Stored data:
#####
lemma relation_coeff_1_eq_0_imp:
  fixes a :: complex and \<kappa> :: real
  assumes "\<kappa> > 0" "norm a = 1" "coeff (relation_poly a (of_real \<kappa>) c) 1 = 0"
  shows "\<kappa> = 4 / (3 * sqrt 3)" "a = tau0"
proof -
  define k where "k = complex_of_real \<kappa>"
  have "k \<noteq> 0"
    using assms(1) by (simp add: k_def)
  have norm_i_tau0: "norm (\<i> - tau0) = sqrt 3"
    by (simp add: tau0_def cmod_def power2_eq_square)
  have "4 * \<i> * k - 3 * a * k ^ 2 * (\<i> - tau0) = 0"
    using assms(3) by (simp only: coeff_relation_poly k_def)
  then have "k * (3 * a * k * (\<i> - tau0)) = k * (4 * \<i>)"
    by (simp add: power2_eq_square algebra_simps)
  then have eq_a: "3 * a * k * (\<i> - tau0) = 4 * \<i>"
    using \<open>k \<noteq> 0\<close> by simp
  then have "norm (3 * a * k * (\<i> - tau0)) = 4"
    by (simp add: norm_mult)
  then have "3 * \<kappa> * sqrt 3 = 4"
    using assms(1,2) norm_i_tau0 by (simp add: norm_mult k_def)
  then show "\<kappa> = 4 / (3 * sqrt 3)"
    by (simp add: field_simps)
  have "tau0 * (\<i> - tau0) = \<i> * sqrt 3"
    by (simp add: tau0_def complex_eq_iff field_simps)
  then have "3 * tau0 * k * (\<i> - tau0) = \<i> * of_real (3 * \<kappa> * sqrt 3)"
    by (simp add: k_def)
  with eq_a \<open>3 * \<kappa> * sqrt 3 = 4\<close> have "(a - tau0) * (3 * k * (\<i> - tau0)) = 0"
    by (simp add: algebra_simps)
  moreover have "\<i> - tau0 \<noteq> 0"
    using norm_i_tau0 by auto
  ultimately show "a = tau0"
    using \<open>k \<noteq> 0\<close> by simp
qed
#####
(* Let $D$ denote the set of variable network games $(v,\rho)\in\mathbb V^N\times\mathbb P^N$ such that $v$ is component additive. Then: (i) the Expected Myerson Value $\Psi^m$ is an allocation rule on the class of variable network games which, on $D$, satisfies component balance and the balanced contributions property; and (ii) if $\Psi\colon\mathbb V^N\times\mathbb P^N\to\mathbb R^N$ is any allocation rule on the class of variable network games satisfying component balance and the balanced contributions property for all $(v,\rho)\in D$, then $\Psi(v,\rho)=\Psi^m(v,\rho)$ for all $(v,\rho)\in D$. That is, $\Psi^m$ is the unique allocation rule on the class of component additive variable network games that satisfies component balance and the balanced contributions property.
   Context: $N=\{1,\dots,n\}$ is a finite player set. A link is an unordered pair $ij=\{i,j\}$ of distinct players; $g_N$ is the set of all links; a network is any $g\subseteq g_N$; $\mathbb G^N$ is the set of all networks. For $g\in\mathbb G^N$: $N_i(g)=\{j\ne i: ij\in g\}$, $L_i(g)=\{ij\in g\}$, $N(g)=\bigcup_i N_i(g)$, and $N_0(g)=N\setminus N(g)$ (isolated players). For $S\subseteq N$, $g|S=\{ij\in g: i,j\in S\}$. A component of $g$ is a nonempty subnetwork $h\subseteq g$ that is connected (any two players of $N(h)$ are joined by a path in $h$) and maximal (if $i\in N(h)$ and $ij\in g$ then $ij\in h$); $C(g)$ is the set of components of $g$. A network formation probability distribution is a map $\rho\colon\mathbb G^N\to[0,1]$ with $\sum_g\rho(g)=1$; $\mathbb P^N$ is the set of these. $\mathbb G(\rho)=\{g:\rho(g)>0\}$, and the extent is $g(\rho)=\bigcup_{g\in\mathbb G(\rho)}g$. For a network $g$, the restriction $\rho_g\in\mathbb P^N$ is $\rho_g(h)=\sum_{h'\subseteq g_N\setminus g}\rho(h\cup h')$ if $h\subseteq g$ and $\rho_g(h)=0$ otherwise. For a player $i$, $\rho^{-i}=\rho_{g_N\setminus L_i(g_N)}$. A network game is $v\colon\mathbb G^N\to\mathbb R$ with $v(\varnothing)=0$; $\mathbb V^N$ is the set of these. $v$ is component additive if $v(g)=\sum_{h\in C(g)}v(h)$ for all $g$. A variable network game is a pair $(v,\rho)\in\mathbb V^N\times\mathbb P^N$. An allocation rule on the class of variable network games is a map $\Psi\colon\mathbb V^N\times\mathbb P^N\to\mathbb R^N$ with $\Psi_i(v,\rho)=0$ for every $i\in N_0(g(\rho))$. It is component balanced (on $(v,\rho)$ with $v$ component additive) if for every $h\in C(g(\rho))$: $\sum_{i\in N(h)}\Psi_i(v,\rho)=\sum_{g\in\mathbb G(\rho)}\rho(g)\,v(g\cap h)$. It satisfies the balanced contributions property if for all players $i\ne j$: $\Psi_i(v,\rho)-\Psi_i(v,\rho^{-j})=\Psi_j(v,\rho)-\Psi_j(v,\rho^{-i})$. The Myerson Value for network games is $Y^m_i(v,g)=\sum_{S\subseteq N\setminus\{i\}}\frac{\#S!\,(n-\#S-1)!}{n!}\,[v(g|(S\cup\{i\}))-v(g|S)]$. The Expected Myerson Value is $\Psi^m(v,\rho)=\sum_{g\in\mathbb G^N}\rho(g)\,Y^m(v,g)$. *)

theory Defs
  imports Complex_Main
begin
#####
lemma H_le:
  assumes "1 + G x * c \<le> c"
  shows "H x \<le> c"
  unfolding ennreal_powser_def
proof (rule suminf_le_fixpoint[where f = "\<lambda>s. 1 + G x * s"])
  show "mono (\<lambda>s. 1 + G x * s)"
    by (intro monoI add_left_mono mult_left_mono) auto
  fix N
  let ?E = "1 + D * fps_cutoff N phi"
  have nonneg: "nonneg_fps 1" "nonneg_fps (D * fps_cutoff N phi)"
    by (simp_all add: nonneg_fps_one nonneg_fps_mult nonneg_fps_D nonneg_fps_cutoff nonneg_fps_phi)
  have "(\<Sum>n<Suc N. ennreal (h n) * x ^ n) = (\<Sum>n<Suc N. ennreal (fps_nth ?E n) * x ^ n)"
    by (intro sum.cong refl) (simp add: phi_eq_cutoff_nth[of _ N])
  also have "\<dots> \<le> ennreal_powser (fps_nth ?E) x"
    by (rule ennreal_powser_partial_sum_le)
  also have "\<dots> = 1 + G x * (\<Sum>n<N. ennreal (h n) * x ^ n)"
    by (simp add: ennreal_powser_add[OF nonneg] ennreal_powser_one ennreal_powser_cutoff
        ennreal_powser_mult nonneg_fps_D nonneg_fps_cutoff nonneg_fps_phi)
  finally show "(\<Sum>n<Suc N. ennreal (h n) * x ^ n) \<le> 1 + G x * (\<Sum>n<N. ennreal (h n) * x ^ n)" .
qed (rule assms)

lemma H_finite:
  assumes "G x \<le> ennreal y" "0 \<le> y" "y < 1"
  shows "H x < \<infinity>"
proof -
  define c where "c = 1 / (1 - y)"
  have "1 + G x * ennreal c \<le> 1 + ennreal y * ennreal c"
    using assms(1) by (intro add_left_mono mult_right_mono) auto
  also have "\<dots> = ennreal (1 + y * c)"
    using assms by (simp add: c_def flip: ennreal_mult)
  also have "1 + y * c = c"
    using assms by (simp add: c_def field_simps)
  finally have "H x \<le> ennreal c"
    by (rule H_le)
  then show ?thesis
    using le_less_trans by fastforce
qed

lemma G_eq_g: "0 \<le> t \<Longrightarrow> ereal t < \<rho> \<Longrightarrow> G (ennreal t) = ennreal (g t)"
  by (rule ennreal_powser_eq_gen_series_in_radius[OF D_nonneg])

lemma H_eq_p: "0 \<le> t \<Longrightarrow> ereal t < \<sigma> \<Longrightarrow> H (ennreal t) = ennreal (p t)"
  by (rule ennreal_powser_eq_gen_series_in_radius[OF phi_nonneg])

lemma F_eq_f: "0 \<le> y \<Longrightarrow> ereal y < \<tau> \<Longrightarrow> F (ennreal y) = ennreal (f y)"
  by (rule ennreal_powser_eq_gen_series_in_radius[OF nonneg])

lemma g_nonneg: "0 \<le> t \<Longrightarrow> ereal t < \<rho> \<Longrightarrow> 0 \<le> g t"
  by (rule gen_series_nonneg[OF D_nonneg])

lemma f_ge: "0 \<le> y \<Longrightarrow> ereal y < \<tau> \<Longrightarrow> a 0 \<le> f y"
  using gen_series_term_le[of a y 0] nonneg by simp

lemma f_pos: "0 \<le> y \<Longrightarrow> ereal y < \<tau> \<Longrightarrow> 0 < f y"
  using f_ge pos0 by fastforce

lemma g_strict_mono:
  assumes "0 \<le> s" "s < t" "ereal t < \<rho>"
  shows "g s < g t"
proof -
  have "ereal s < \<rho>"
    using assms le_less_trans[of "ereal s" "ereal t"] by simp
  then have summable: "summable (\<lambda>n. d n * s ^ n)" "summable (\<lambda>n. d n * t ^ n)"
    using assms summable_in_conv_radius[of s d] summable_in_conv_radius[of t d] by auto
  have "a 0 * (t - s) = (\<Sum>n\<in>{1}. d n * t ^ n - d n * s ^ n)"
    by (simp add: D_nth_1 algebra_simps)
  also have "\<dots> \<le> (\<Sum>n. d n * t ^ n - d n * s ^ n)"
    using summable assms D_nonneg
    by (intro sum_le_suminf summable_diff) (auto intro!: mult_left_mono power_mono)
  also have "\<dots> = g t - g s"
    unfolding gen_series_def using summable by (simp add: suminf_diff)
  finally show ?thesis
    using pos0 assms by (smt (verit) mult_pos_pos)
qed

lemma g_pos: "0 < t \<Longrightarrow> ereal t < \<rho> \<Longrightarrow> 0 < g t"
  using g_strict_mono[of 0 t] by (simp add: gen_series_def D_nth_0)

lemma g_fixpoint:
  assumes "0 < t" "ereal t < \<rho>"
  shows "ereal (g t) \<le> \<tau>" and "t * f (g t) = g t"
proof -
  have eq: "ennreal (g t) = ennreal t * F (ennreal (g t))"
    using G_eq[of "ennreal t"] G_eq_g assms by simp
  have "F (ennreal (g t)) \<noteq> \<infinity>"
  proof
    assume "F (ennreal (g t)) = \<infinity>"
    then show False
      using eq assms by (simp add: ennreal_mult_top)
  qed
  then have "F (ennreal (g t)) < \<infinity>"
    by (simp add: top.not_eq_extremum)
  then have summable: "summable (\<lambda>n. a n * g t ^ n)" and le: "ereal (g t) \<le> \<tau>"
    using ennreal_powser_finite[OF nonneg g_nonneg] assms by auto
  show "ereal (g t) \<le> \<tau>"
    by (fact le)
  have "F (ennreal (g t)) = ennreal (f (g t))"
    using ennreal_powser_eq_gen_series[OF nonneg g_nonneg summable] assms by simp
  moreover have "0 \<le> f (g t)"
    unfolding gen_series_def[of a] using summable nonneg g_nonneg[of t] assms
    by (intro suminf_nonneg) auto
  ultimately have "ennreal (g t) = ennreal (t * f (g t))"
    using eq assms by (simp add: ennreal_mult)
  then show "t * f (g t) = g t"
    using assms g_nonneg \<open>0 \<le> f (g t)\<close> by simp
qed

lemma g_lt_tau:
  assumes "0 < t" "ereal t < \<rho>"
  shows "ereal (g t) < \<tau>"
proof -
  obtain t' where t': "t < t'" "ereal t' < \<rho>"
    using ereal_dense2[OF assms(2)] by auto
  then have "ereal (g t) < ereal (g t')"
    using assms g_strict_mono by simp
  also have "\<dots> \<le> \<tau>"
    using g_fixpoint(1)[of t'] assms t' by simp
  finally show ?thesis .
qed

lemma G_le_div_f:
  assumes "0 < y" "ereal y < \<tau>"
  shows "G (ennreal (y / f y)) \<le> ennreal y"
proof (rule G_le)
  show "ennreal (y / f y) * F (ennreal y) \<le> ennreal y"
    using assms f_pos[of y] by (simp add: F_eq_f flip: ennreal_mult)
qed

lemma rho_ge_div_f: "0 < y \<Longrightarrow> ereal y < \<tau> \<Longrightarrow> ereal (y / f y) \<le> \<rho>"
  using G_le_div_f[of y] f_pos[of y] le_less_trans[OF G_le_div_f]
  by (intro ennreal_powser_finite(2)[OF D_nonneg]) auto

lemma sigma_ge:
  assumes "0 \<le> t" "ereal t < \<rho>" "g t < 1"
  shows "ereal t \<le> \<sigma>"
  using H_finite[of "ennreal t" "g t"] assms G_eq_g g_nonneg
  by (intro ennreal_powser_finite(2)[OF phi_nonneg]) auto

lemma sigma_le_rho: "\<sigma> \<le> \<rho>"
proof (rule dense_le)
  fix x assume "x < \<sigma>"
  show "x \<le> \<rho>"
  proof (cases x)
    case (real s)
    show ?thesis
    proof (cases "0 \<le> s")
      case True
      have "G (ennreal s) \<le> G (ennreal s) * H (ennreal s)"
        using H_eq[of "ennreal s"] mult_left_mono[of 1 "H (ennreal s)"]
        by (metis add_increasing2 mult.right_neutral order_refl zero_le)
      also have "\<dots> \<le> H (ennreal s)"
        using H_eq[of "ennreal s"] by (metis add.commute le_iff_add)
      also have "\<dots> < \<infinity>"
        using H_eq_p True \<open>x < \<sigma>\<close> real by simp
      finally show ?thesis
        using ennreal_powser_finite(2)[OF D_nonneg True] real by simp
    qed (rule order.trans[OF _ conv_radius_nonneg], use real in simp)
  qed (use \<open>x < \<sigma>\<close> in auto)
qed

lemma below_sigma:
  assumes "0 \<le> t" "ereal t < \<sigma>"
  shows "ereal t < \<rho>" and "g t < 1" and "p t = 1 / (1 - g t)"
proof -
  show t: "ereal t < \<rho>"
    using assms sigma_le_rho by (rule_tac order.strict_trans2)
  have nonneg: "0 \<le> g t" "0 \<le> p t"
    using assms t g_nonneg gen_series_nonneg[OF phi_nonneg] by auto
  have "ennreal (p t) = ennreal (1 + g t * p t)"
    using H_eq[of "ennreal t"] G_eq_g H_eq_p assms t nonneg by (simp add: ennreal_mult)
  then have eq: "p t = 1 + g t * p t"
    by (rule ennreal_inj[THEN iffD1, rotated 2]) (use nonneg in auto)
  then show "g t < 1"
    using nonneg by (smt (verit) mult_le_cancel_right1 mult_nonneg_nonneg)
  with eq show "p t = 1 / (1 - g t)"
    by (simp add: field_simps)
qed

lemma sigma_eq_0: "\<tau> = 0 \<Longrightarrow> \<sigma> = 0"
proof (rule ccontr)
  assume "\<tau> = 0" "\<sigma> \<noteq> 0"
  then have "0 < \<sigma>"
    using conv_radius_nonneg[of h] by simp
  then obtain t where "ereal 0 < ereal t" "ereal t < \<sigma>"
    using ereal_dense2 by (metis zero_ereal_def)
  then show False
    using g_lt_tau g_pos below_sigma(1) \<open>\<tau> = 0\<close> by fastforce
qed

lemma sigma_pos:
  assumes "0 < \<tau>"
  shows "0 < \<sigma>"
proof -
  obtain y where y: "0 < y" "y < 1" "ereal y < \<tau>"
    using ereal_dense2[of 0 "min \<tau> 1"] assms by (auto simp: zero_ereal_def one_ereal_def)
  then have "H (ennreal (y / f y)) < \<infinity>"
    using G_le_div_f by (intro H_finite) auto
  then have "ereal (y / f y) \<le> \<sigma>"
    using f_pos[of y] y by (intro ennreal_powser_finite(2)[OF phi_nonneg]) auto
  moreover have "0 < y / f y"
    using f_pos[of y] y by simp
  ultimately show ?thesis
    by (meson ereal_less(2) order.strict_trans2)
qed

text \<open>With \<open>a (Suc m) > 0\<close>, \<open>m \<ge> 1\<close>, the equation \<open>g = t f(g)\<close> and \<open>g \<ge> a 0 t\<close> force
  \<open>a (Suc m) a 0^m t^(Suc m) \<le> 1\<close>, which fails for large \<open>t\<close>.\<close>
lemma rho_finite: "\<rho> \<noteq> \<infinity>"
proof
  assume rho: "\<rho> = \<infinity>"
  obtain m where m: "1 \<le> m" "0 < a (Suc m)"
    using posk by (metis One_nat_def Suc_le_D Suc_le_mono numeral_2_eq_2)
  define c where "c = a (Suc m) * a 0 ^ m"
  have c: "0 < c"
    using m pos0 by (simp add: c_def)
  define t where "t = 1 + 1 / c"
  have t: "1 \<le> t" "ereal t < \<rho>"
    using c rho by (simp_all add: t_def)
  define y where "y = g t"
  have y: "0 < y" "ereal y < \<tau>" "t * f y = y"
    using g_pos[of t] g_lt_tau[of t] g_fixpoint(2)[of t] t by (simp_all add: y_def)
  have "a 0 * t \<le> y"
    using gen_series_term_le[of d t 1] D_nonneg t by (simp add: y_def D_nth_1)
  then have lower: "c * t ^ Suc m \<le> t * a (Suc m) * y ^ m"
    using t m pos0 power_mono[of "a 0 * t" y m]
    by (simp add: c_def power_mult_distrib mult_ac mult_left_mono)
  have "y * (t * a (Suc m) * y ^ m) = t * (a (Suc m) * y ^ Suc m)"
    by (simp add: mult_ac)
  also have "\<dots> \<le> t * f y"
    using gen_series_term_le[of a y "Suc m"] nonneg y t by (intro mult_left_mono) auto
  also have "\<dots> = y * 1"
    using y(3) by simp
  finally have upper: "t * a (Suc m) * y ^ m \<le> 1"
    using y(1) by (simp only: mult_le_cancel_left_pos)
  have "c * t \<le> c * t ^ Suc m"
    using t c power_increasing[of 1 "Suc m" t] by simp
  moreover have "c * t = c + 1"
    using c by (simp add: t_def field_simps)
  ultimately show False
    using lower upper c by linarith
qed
#####
Exercise:
Find the word "obtain" in the entries above and gather every line that holds it.

Task result:
  obtain t' where t': "t < t'" "ereal t' < \<rho>"
  then obtain t where "ereal 0 < ereal t" "ereal t < \<sigma>"
  obtain y where y: "0 < y" "y < 1" "ereal y < \<tau>"
  obtain m where m: "1 \<le> m" "0 < a (Suc m)"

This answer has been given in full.